»»

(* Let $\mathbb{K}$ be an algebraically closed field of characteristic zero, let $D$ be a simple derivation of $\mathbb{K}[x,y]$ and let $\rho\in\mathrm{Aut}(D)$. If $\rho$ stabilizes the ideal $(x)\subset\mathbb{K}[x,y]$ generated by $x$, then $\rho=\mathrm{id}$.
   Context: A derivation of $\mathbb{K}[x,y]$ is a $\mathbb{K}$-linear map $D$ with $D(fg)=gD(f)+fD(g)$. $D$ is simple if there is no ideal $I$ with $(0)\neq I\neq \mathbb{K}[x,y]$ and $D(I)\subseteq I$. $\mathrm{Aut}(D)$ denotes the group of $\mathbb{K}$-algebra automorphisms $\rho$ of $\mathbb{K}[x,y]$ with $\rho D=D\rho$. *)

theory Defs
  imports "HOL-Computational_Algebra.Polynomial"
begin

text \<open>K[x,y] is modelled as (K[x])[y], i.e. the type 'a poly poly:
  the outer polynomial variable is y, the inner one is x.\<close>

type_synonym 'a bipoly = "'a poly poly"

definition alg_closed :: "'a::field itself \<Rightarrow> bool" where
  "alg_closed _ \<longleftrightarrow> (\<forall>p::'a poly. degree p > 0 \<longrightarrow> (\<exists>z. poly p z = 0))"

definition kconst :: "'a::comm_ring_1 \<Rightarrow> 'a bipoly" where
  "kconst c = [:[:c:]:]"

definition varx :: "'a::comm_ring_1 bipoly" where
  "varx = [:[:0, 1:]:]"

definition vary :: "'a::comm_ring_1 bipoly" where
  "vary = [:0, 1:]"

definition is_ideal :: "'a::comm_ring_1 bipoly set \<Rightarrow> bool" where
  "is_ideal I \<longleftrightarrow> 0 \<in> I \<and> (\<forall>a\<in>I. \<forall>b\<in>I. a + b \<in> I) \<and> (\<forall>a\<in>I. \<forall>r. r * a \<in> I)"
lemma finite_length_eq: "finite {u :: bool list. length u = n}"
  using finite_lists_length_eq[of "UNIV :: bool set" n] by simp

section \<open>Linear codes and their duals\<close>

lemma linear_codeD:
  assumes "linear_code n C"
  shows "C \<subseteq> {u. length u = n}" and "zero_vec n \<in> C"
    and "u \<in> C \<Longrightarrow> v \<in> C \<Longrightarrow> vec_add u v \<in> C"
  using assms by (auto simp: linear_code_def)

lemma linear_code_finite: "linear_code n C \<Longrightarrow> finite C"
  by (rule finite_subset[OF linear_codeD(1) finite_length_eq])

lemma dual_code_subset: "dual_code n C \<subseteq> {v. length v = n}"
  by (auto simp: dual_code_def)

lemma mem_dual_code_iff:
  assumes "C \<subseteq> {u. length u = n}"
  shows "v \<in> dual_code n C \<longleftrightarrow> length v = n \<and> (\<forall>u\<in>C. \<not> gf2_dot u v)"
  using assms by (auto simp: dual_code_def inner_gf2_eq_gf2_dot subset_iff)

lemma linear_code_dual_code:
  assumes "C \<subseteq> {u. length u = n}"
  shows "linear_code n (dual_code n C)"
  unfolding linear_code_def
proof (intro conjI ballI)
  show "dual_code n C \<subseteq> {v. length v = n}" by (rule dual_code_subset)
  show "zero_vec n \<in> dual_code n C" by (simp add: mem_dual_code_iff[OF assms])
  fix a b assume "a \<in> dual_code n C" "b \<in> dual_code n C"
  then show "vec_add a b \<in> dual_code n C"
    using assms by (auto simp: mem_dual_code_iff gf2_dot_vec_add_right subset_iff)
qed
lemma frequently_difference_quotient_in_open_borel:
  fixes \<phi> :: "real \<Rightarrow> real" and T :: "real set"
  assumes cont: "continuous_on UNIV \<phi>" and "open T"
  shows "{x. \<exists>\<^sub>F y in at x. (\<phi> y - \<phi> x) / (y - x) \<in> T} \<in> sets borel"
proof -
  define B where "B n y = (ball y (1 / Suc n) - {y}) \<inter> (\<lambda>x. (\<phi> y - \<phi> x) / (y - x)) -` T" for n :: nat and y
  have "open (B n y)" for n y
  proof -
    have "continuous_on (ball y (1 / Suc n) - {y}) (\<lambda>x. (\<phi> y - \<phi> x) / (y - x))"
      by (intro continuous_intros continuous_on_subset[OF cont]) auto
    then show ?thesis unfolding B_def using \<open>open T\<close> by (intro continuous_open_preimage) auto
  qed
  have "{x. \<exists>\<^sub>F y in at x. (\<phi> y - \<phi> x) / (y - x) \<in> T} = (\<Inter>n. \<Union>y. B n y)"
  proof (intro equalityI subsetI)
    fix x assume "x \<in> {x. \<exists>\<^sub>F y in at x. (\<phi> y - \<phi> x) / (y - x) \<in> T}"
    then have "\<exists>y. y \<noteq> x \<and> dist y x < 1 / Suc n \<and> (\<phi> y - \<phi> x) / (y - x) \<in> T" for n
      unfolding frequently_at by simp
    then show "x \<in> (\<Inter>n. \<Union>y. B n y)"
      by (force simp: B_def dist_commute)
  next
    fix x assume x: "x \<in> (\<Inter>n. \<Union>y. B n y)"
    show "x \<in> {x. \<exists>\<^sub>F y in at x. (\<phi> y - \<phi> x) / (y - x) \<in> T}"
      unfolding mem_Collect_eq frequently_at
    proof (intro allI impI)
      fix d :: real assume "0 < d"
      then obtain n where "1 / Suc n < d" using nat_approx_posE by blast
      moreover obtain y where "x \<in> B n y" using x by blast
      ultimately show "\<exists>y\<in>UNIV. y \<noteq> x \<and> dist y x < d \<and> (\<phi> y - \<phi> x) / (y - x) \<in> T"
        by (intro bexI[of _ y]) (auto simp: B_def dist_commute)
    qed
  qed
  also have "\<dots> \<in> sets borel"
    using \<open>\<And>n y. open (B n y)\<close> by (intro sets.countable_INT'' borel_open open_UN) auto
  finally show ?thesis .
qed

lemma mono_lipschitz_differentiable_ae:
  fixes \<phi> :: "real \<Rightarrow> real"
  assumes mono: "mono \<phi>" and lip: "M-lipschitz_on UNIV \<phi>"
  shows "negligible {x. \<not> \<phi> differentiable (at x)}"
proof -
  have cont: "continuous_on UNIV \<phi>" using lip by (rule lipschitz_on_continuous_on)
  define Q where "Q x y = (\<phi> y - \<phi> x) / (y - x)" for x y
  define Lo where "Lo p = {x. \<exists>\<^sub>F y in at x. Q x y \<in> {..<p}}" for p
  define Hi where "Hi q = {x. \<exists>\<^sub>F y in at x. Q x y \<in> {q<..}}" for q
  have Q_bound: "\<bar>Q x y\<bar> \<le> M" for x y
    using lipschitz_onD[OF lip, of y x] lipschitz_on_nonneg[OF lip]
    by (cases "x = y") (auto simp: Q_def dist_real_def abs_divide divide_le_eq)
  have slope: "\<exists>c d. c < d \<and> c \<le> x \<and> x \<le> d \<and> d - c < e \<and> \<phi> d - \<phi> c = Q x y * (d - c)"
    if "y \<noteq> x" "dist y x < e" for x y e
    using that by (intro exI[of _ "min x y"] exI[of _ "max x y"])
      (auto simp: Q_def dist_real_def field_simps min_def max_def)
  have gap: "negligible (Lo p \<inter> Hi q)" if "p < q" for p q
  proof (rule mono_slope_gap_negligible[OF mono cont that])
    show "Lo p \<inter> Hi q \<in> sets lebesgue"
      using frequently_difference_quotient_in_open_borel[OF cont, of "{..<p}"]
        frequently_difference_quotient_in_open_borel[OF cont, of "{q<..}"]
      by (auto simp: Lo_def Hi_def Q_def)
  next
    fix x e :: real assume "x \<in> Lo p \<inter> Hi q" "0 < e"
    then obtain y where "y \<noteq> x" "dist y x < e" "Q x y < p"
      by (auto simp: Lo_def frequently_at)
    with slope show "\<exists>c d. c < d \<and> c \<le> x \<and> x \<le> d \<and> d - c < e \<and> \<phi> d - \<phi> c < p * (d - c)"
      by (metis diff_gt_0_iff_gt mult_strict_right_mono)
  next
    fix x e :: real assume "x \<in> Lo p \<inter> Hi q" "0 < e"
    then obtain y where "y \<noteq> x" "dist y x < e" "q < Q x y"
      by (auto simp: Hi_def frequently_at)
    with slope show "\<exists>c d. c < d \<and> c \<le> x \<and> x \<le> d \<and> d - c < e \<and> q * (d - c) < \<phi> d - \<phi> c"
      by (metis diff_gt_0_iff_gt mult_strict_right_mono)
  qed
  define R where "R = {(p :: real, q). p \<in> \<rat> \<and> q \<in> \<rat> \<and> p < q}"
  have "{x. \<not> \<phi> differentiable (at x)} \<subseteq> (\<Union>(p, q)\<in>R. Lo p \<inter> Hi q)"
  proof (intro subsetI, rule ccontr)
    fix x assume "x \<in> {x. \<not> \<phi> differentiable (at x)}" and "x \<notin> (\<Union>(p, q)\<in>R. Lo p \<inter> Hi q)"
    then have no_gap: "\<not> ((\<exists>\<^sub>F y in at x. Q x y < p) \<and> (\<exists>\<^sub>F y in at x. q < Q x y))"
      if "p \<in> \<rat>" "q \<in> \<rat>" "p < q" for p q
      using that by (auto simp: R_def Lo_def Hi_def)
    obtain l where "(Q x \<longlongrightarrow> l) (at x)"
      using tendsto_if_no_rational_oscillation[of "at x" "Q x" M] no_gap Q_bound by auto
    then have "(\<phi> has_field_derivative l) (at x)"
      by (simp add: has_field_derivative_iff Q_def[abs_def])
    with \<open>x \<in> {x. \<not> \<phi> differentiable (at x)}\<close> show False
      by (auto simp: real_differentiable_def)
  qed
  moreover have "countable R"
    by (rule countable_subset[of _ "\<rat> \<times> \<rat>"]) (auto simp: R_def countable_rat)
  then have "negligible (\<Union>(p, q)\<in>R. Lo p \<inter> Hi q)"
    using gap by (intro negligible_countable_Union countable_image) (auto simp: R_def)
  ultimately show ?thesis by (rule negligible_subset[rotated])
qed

««

▸ Exercise instructions
Exactly how many lines of the records include "forall"? Provide the number by itself.

▸ Your response
3